■ Work instructions ■
Out of the material that follows, write out exactly the lines from the line with "(\<forall>f\<in>S. \<forall>g\<in>S. X" to the line with "(\<lambda>g x. X", both ends included, and no others.
(Data section)
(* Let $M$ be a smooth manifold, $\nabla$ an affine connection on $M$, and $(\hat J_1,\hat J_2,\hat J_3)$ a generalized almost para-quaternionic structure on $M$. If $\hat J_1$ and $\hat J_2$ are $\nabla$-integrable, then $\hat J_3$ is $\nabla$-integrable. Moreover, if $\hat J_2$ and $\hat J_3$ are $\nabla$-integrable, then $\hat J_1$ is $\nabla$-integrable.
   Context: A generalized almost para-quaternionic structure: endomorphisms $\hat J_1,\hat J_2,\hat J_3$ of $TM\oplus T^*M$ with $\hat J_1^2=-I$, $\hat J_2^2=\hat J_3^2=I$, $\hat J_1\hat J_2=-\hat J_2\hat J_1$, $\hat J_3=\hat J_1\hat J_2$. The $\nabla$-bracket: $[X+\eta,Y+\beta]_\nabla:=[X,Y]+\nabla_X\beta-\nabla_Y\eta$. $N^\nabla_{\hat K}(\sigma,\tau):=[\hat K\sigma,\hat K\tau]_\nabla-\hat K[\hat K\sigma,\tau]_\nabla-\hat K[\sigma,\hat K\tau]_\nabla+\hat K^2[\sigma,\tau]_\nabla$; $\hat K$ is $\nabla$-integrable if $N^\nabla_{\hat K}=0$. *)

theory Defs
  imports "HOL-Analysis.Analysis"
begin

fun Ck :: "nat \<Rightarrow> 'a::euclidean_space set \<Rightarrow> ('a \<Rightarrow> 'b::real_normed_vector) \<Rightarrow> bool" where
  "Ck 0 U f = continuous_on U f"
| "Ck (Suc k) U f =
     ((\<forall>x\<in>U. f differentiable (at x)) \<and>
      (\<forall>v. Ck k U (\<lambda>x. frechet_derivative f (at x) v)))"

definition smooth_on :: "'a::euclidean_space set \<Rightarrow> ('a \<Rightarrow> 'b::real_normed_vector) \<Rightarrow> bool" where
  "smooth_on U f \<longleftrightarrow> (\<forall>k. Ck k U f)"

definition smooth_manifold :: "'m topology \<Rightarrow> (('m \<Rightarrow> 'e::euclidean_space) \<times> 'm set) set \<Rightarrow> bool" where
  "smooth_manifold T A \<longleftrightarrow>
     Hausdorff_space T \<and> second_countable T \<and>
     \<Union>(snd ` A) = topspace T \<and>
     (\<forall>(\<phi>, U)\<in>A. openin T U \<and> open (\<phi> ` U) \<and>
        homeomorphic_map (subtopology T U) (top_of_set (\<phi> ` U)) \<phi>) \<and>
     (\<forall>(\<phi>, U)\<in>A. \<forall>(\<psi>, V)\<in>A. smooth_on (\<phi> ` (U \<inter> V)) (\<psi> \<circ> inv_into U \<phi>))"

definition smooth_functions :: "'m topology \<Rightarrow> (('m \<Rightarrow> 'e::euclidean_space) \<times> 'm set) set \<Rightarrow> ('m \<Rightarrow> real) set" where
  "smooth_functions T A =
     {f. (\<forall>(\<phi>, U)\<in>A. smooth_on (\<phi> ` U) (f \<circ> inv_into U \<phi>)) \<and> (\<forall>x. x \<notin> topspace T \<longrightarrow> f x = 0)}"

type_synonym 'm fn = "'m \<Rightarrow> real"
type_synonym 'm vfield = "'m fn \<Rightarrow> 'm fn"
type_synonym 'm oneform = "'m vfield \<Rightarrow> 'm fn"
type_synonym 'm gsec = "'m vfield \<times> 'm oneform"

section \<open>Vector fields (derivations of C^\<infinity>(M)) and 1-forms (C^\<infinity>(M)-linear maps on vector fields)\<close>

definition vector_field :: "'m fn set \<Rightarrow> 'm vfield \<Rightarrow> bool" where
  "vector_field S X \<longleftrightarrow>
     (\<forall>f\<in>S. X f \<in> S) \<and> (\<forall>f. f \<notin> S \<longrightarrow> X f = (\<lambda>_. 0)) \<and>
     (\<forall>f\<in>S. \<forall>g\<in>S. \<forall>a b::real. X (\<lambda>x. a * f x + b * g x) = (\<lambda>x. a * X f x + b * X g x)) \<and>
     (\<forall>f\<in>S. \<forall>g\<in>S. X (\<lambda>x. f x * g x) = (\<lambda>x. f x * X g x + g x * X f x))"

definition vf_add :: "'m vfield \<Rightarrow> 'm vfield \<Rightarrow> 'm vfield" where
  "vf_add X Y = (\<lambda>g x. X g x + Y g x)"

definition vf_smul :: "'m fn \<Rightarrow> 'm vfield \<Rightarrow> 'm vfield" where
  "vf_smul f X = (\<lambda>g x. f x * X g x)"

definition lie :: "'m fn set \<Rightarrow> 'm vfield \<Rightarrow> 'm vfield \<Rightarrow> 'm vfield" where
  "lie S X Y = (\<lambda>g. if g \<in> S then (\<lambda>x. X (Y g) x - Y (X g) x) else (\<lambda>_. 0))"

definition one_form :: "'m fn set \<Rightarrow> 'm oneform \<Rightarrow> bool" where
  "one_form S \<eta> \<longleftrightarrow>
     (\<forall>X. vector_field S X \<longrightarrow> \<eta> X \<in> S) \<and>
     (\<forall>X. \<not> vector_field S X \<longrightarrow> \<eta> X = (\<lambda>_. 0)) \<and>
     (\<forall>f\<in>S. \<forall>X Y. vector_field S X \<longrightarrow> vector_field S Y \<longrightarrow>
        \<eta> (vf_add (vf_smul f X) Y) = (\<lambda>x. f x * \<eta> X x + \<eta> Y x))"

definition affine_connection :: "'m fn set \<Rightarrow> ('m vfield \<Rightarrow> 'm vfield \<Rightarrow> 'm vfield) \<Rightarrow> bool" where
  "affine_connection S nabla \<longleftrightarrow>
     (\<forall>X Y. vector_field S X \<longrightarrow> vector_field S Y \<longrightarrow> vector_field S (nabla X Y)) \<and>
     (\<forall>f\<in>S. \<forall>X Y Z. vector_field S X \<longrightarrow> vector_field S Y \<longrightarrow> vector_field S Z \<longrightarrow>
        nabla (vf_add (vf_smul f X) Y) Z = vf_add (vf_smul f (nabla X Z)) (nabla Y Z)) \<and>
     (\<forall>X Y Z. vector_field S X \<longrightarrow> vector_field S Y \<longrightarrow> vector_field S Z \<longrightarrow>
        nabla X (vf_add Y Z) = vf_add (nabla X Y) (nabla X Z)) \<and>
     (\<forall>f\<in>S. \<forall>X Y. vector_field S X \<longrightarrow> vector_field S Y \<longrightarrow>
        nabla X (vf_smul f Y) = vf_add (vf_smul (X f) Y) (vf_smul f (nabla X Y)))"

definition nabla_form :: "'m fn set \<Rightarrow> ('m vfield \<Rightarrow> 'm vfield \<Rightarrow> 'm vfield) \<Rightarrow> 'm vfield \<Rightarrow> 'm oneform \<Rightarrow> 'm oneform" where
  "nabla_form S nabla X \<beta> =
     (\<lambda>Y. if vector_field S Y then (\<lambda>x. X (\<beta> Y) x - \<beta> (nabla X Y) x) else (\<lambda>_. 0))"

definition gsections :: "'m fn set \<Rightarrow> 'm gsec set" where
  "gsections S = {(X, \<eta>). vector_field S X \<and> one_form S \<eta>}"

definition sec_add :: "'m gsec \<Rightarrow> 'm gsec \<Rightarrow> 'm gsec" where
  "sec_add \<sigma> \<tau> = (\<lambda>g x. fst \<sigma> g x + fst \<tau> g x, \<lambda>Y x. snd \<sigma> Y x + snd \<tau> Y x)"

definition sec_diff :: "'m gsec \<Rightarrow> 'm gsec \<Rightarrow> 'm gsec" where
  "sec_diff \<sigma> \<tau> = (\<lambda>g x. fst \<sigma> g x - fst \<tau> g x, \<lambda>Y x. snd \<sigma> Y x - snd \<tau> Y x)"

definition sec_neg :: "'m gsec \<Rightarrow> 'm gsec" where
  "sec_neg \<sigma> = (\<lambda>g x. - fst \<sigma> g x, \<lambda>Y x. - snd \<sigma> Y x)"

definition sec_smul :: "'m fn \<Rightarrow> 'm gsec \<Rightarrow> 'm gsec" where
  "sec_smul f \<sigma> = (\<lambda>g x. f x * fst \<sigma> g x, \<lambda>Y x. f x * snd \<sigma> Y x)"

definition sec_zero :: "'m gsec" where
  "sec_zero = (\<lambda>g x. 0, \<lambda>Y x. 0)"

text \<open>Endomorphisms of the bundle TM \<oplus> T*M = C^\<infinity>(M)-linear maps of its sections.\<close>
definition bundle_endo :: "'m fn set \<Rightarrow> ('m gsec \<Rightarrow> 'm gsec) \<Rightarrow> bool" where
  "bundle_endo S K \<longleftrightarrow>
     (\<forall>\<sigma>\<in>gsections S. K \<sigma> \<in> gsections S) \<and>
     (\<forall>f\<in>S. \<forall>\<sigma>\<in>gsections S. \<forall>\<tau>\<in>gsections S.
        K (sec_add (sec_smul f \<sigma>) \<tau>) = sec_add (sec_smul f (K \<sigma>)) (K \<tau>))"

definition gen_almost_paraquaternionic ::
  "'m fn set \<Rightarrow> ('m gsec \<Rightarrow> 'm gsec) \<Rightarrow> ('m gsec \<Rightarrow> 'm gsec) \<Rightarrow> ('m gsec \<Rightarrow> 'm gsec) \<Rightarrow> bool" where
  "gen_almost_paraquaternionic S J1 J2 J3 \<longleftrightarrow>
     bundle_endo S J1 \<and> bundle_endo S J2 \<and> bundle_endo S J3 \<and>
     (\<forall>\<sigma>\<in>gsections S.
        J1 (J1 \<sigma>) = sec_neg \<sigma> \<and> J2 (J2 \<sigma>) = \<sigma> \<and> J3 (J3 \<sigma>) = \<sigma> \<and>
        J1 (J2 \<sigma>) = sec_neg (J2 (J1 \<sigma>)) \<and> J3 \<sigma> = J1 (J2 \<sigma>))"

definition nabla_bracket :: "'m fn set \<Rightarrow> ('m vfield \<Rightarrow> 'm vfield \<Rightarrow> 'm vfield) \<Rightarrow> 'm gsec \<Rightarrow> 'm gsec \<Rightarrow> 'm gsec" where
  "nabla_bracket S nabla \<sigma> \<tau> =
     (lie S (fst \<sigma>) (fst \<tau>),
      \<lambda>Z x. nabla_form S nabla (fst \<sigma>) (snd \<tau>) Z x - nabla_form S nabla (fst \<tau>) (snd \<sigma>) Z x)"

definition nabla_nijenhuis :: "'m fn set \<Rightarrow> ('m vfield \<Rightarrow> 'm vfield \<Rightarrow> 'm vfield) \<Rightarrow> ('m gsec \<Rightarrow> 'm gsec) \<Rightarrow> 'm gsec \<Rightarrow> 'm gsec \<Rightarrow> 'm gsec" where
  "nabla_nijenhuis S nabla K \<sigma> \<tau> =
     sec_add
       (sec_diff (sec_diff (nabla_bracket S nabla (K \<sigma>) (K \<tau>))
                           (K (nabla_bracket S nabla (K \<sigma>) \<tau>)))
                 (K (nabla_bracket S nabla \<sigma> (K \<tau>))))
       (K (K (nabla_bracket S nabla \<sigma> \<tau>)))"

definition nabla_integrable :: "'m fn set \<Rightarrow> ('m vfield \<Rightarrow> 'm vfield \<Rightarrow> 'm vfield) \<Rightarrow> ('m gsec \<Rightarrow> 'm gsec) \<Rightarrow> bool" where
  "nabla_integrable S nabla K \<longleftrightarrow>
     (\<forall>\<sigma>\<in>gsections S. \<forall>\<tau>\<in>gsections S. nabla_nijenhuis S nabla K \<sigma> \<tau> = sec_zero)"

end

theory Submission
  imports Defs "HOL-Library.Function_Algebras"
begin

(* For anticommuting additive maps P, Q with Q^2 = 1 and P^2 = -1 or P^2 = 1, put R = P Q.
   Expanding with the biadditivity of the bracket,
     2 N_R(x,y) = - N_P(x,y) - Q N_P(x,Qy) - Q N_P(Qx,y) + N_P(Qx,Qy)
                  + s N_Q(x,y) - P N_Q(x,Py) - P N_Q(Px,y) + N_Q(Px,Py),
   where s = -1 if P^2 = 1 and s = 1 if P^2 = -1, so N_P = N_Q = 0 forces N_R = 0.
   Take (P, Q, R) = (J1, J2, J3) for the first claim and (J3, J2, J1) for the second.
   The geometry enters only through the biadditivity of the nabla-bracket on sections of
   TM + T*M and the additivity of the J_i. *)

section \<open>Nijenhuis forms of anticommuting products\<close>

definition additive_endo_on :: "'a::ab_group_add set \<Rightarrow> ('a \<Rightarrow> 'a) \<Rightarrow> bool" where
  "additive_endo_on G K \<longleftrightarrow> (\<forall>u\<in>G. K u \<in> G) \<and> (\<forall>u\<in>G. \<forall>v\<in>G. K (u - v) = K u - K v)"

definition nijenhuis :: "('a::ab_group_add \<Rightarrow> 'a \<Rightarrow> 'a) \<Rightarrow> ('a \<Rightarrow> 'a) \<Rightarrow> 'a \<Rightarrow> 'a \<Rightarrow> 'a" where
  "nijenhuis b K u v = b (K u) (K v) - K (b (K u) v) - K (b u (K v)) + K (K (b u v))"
(End Data section)
■ Your response ■
     (\<forall>f\<in>S. \<forall>g\<in>S. X (\<lambda>x. f x * g x) = (\<lambda>x. f x * X g x + g x * X f x))"

definition vf_add :: "'m vfield \<Rightarrow> 'm vfield \<Rightarrow> 'm vfield" where
  "vf_add X Y = (\<lambda>g x. X g x + Y g x)"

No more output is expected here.